Container-based backends don’t support pre-provisioning, so nodes can only be set to a range starting with 0.

This means instances are created only when a run starts, and once it finishes, they’re terminated and released back to the provider (either a cloud service or Kubernetes).

type: fleet
# The name is optional, if not specified, generated randomly
name: my-fleet

# Specify the number of instances
nodes: 0..2
# Uncomment to ensure instances are inter-connected
#placement: cluster

resources:
  gpu: 24GB

Configuration options

Nodes

The nodes property controls how many instances to provision and maintain in the fleet:

type: fleet

name: my-fleet

nodes:
  min: 1 # Always maintain at least 1 idle instance. Can be 0.
  target: 2 # (Optional) Provision 2 instances initially
  max: 3 # (Optional) Do not allow more than 3 instances

dstack ensures the fleet always has at least nodes.min instances, creating new instances in the background if necessary. If you don't need to keep instances in the fleet forever, you can set nodes.min to 0. By default, dstack apply also provisions nodes.min instances. The nodes.target property allows provisioning more instances initially than needs to be maintained.

Placement

To ensure instances are interconnected (e.g., for distributed tasks), set placement to cluster. This ensures all instances are provisioned with optimal inter-node connectivity.

AWS

When you create a fleet with AWS, Elastic Fabric Adapter networking is automatically configured if it’s supported for the corresponding instance type. Note, EFA requires the public_ips to be set to false in the aws backend configuration. Otherwise, instances are only connected by the default VPC subnet.

Refer to the EFA example for more details.

GCP

When you create a fleet with GCP, dstack automatically configures GPUDirect-TCPXO and GPUDirect-TCPX networking for the A3 Mega and A3 High instance types, as well as RoCE networking for the A4 instance type.

Backend configuration

You may need to configure extra_vpcs and roce_vpcs in the gcp backend configuration. Refer to the A4, A3 Mega, and A3 High examples for more details.

Nebius

When you create a fleet with Nebius, InfiniBand networking is automatically configured if it’s supported for the corresponding instance type. Otherwise, instances are only connected by the default VPC subnet.

An InfiniBand fabric for the cluster is selected automatically.
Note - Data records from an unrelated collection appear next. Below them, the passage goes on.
(* Let $\gamma>0$ and let $w_\gamma$ be the function defined below. Define $$W_\gamma(t)=\begin{cases}\int_t^\infty w_\gamma(\xi)\,d\xi,& t\ge0,\\ -\int_{-\infty}^t w_\gamma(\xi)\,d\xi,& t<0.\end{cases}$$ Then $W_\gamma$ is a bounded, odd function in $L^1(\mathbb{R})$ with: (i) $|W_\gamma(t)|$ is continuous and monotone decreasing for $t\ge0$; in particular $\|W_\gamma\|_\infty=W_\gamma(0)=1/2$. (ii) $|W_\gamma(t)|\le G^{(W)}(\gamma|t|)$, where for $\eta\ge0$, $G^{(W)}(\eta)=1/2$ if $0\le\eta\le\eta^*$ and $G^{(W)}(\eta)=35\mathrm{e}^2\eta^4u_{2/7}(\eta)$ if $\eta>\eta^*$, with $\eta^*$ the largest real solution of $35\mathrm{e}^2\eta^4u_{2/7}(\eta)=1/2$. (iii) There is a constant $K$ (independent of $\gamma$) such that $\|W_\gamma\|_1\le K/\gamma$. (iv) For $t>0$ let $I_\gamma(t)=\int_t^\infty W_\gamma(\xi)\,d\xi$. Then there is $\zeta^*>0$ such that $|I_\gamma(t)|\le G^{(I)}(\gamma|t|)$, where for $\zeta\ge0$, $$G^{(I)}(\zeta)=\frac1\gamma\cdot\begin{cases}K/2,&0\le\zeta\le\zeta^*,\\130\,\mathrm{e}^2\zeta^{10}u_{2/7}(\zeta),&\zeta>\zeta^*,\end{cases}$$ with $K$ as in (iii).
   Context: For $a>0$ and $\eta>1$, $u_a(\eta)=\exp(-a\eta/\ln^2\eta)$. The function $w_\gamma$ is defined as follows: let $a_n=a_1(n\ln^2n)^{-1}$ for $n\ge2$ with $a_1>0$ chosen so that $\sum_{n\ge1}a_n=\gamma/2$, and $w_\gamma(t)=c_\gamma\prod_{n=1}^\infty(\sin(a_nt)/(a_nt))^2$ with $c_\gamma>0$ chosen so that $\int_{\mathbb R} w_\gamma=1$. It is even, non-negative, integrable, its Fourier transform vanishes outside $[-\gamma,\gamma]$, and $w_\gamma(t)\le 2(\mathrm{e}\gamma)^2t\exp(-\frac27\gamma t/\ln^2(\gamma t))$ for $t\ge\mathrm{e}^{1/\sqrt2}/\gamma$. *)

theory Defs
  imports "HOL-Analysis.Analysis"
begin

definition u :: "real \<Rightarrow> real \<Rightarrow> real" where
  "u a \<eta> = exp (- a * \<eta> / (ln \<eta>)^2)"

definition sinc :: "real \<Rightarrow> real" where
  "sinc x = (if x = 0 then 1 else sin x / x)"

text \<open>S = sum over n \<ge> 2 of 1/(n ln^2 n); a_1 is chosen so that a_1 (1 + S) = gamma/2\<close>
definition aseq :: "real \<Rightarrow> nat \<Rightarrow> real" where
  "aseq \<gamma> n =
     (let a1 = (\<gamma> / 2) / (1 + (\<Sum>k. 1 / (real (k + 2) * (ln (real (k + 2)))^2)))
      in if n = 1 then a1 else a1 / (real n * (ln (real n))^2))"

definition wprod :: "real \<Rightarrow> real \<Rightarrow> real" where
  "wprod \<gamma> t = (\<Prod>n. (sinc (aseq \<gamma> (Suc n) * t))^2)"

definition cgamma :: "real \<Rightarrow> real" where
  "cgamma \<gamma> = 1 / (LINT t|lborel. wprod \<gamma> t)"

definition w :: "real \<Rightarrow> real \<Rightarrow> real" where
  "w \<gamma> t = cgamma \<gamma> * wprod \<gamma> t"

definition W :: "real \<Rightarrow> real \<Rightarrow> real" where
  "W \<gamma> t = (if t \<ge> 0 then (LINT \<xi>:{t..}|lborel. w \<gamma> \<xi>)
              else - (LINT \<xi>:{..t}|lborel. w \<gamma> \<xi>))"

definition etaStar :: real where
  "etaStar = (GREATEST \<eta>. \<eta> > 1 \<and> 35 * exp 2 * \<eta>^4 * u (2/7) \<eta> = 1/2)"

definition GW :: "real \<Rightarrow> real" where
  "GW \<eta> = (if \<eta> \<le> etaStar then 1/2 else 35 * exp 2 * \<eta>^4 * u (2/7) \<eta>)"

definition Iint :: "real \<Rightarrow> real \<Rightarrow> real" where
  "Iint \<gamma> t = (LINT \<xi>:{t..}|lborel. W \<gamma> \<xi>)"

definition GI :: "real \<Rightarrow> real \<Rightarrow> real \<Rightarrow> real \<Rightarrow> real" where
  "GI K \<zeta>s \<gamma> \<zeta> = (1 / \<gamma>) * (if \<zeta> \<le> \<zeta>s then K / 2 else 130 * exp 2 * \<zeta>^10 * u (2/7) \<zeta>)"

end

theory Submission
  imports Defs "HOL-Real_Asymp.Real_Asymp"
begin

(*
  Everything reduces to gamma = 1 by scaling: a_n(gamma) = gamma a_n(1), hence
  w_gamma(t) = gamma w_1(gamma t), W_gamma(t) = W_1(gamma t) and I_gamma(t) = I_1(gamma t) / gamma.
  For gamma = 1 we study the unnormalised product p(t) = prod_n sinc(a_n t)^2:
  (1) the series sum_{n>=2} 1/(n ln^2 n) is at most 5/2 (compare with the telescoping sum of
      1/ln n), so 1/7 <= a_1 <= 1/2, and sum a_n^2 <= 1/2;
  (2) 1 - t^2/6 <= p(t) <= min(1, 1/(a_1 t)^2), hence p is integrable with integral >= 1,
      and w_1 = c_1 p with 0 < c_1 <= 1;
  (3) truncating the product at N ~ a_1 t / ln^2(a_1 t) and using sinc^2 y <= 1/y^2 gives
      the decay p(t) <= e^4/4 t^2 u_{2/7}(t) for t >= 10000;
  (4) the functions F_k(s) = s^2 ln^k s u_{2/7}(s) satisfy F_{k-2} <= 14 (-F_k)' beyond 10000,
      so their tail integrals obey int_a^oo F_{k-2} <= 14 F_k(a).
  Consequently W_1(t) = int_t^oo w_1 (t >= 0) is 1-Lipschitz, antitone, W_1(0) = 1/2 because
  w_1 is even, and W_1(t) <= 7/2 e^4 F_2(t), I_1(t) <= 49 e^4 F_4(t) for t >= 10000.  These
  tails lie below the envelopes G^(W), G^(I), whose threshold eta* is at least 10000.  The
  theorem then holds with K = 2 ||W_1||_1 and zeta* = 10000.
*)

definition S_series :: real where
  "S_series = (\<Sum>k. 1 / (real (k + 2) * (ln (real (k + 2)))^2))"

lemma inverse_n_ln_sq_le_telescope:
  fixes n :: nat assumes "n \<ge> 3"
  shows "1 / (real n * (ln (real n))^2) \<le> 1 / ln (real n - 1) - 1 / ln (real n)"
proof -
  have pos1: "ln (real n - 1) > 0" and pos2: "ln (real n) > 0" using assms by simp_all
  have mono: "ln (real n - 1) \<le> ln (real n)" using assms by simp
  have step: "ln (real n) - ln (real n - 1) \<ge> 1 / real n"
  proof -
    have "ln ((real n - 1) / real n) \<le> (real n - 1) / real n - 1"
      using assms by (intro ln_le_minus_one) auto
    moreover have "ln ((real n - 1) / real n) = ln (real n - 1) - ln (real n)"
      using assms by (subst ln_div) auto
    moreover have "(real n - 1) / real n - 1 = - 1 / real n" using assms by (simp add: field_simps)
    ultimately show ?thesis by simp
  qed
  have "1 / ln (real n - 1) - 1 / ln (real n)
      = (ln (real n) - ln (real n - 1)) / (ln (real n - 1) * ln (real n))"
    using pos1 pos2 by (simp add: field_simps)
  also have "\<dots> \<ge> (1 / real n) / (ln (real n) * ln (real n))"
    using pos1 pos2 mono step assms
    by (intro frac_le) (auto intro: mult_right_mono mult_pos_pos)
  finally show ?thesis by (simp add: power2_eq_square mult.assoc)
qed

lemma S_series_summable: "summable (\<lambda>k. 1 / (real (k + 2) * (ln (real (k + 2)))^2))"
  and S_series_bounds: "0 \<le> S_series" "S_series \<le> 5/2"
proof -
  define t where "t k = 1 / (real (k + 2) * (ln (real (k + 2)))^2)" for k :: nat
  define f where "f k = 1 / ln (real k + 3)" for k :: nat
  have t_nonneg: "t k \<ge> 0" for k unfolding t_def by simp
  have tel: "(\<lambda>k. f k - f (Suc k)) sums (f 0 - 0)"
    by (rule telescope_sums') (unfold f_def, real_asymp)
  have t_le: "t (k + 2) \<le> f k - f (Suc k)" for k
    using inverse_n_ln_sq_le_telescope[of "k + 4"] unfolding t_def f_def by (simp add: add.commute)
  have sm2: "summable (\<lambda>k. t (k + 2))"
    by (rule summable_comparison_test[of _ "\<lambda>k. f k - f (Suc k)"])
       (use t_le t_nonneg sums_summable[OF tel] in auto)
  hence sm: "summable t" using summable_iff_shift by blast
  have tail: "(\<Sum>k. t (k + 2)) \<le> f 0"
    using suminf_le[OF _ sm2 sums_summable[OF tel]] t_le sums_unique[OF tel] by force
  have split: "suminf t = (\<Sum>k. t (k + 2)) + t 0 + t 1"
    using suminf_split_initial_segment[OF sm, of 2] by (simp add: numeral_2_eq_2)
  have ln3: "ln (3::real) \<ge> 1"
    using exp_le by (subst ln_ge_iff) auto
  have t0: "t 0 \<le> 9/8"
  proof -
    have "(2/3)^2 \<le> (ln (2::real))^2" using ln2_ge_two_thirds by (intro power_mono) auto
    thus ?thesis unfolding t_def by (simp add: field_simps)
  qed
  have t1: "t 1 \<le> 1/3"
    using ln3 unfolding t_def by (simp add: field_simps one_le_power)
  have f0: "f 0 \<le> 1" unfolding f_def using ln3 by simp
  have S_eq: "S_series = suminf t" unfolding S_series_def t_def ..
  show "summable (\<lambda>k. 1 / (real (k + 2) * (ln (real (k + 2)))^2))" using sm unfolding t_def .
  show "S_series \<le> 5/2" using split tail t0 t1 f0 unfolding S_eq by simp
  show "0 \<le> S_series" unfolding S_eq using sm t_nonneg by (intro suminf_nonneg)
qed

lemma cos_ge_1_minus_sq_half: "cos (x::real) \<ge> 1 - x^2/2"
proof -
  have "cos x = 1 - 2 * (sin (x/2))^2" using cos_double_sin[of "x/2"] by simp
  moreover have "(sin (x/2))^2 \<le> (x/2)^2"
    using abs_sin_x_le_abs_x[of "x/2"] by (metis abs_le_square_iff)
  ultimately show ?thesis by (simp add: power_divide)
qed

lemma sin_ge_x_minus_cube_sixth: assumes "(x::real) \<ge> 0" shows "sin x \<ge> x - x^3/6"
proof -
  let ?g = "\<lambda>x::real. sin x - x + x^3/6"
  have "?g 0 \<le> ?g x"
  proof (rule DERIV_nonneg_imp_nondecreasing[OF assms])
    fix y :: real
    show "\<exists>d. DERIV ?g y :> d \<and> d \<ge> 0"
      using cos_ge_1_minus_sq_half[of y]
      by (intro exI[of _ "cos y - 1 + y^2/2"])
         (auto intro!: derivative_eq_intros simp: algebra_simps power2_eq_square power3_eq_cube)
  qed
  thus ?thesis by simp
qed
If you prefer to use some specific fabrics, configure them in the backend settings.

The cluster placement is supported for aws, azure, gcp, nebius, oci, and vultr backends.

For more details on optimal inter-node connectivity, read the Clusters guide.

Resources

When you specify a resource value like cpu or memory, you can either use an exact value (e.g. 24GB) or a range (e.g. 24GB.., or 24GB..80GB, or ..80GB).

type: fleet
# The name is optional, if not specified, generated randomly
name: my-fleet

nodes: 2

resources:
  # 200GB or more RAM
  memory: 200GB..
  # 4 GPUs from 40GB to 80GB
  gpu: 40GB..80GB:4
  # Disk size
  disk: 500GB

The gpu property allows specifying not only memory size but also GPU vendor, names and their quantity. Examples: nvidia (one NVIDIA GPU), A100 (one A100), A10G,A100 (either A10G or A100), A100:80GB (one A100 of 80GB), A100:2 (two A100), 24GB..40GB:2 (two GPUs between 24GB and 40GB), A100:40GB:2 (two A100 GPUs of 40GB).

Google Cloud TPU

To use TPUs, specify its architecture via the gpu property.

type: fleet
# The name is optional, if not specified, generated randomly
name: my-fleet

nodes: 2

resources:
  gpu: v2-8

Currently, only 8 TPU cores can be specified, supporting single TPU device workloads. Multi-TPU support is coming soon.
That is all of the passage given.